While many wildlife watchers worry about whether the bay’s blue crabs are overfished, Luisi said they don’t think that’s the case. In 2021, the maximum percentage of females that could be harvested each year without overfishing was 26%; which compares to a peak percentage of 37 percent a decade earlier, according to the survey and summaries.

About 41.6 million pounds of blue crabs were harvested from the bay and its tributaries, according to a 2021 report report of the Chesapeake Bay Stock Assessment Committee.

The dredging investigation has raised concern from environmental groups worried about the bay and its wildlife.

“Crabs have a fairly short lifespan of two to three years, so if you have two to three years of low production, that sets a trend that could continue into the future unless something changes,” said Allison Colden, Maryland Fisheries Officer.
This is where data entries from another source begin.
lemma min_U_T_below:
  assumes "\<pi> \<in> U_T a m i \<epsilon>"
  obtains \<mu> where "\<mu> \<in> min_U_T a m i \<epsilon>" "refines \<mu> \<pi>"
proof -
  define Q where "Q = {\<sigma>\<in>U_T a m i \<epsilon>. refines \<sigma> \<pi>}"
  define R where "R = (\<lambda>\<sigma> \<tau>. refines \<sigma> \<tau> \<and> \<sigma> \<noteq> \<tau>)"
  have part: "partition_on {1..m} \<sigma>" if "\<sigma> \<in> Q" for \<sigma>
    using that by (simp add: Q_def U_T_def Pi_m_def)
  have "finite Q"
    by (rule finite_subset[OF _ finite_Pi_m]) (auto simp: Q_def U_T_def)
  moreover have "asymp_on Q R" "transp_on Q R"
    using part refines_antisym refines_trans unfolding R_def asymp_on_def transp_on_def by metis+
  moreover have "Q \<noteq> {}" using assms refines_refl unfolding Q_def by blast
  ultimately obtain \<mu> where \<mu>: "\<mu> \<in> Q" and minimal: "\<And>\<sigma>. \<sigma> \<in> Q \<Longrightarrow> \<sigma> \<noteq> \<mu> \<Longrightarrow> \<not> R \<sigma> \<mu>"
    using Finite_Set.bex_min_element[of Q R] by blast
  have "\<mu> \<in> min_U_T a m i \<epsilon>"
    using \<mu> minimal refines_trans unfolding min_U_T_def Q_def R_def by blast
  then show ?thesis using \<mu> that unfolding Q_def by blast
qed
Chesapeake Bay Foundation scientist.

“Environmental factors are so unpredictable,” she said. “But we’re hoping they’ll take this further. … Otherwise, we’re bracing for a downtrend if it continues.

The annual dredge survey is conducted in winter when blue crabs are less active. Biologists use equipment to dredge them at 1,500 sites along the Lower, Middle and Upper Bay of Maryland and Virginia. The measurements, weight and sex of the crabs are recorded, then they are released.

Experts said they were developing a plan to try to figure out how to improve the crab population and maintain the “health and sustainability” of the species, given the declines they have seen.

“It’s a very resilient population, and they’ve been around longer than us,” Luisi said. “They’ll find a way, and we’ll deal with the consequences to make sure we allow enough of them to stay in the bay to increase production.”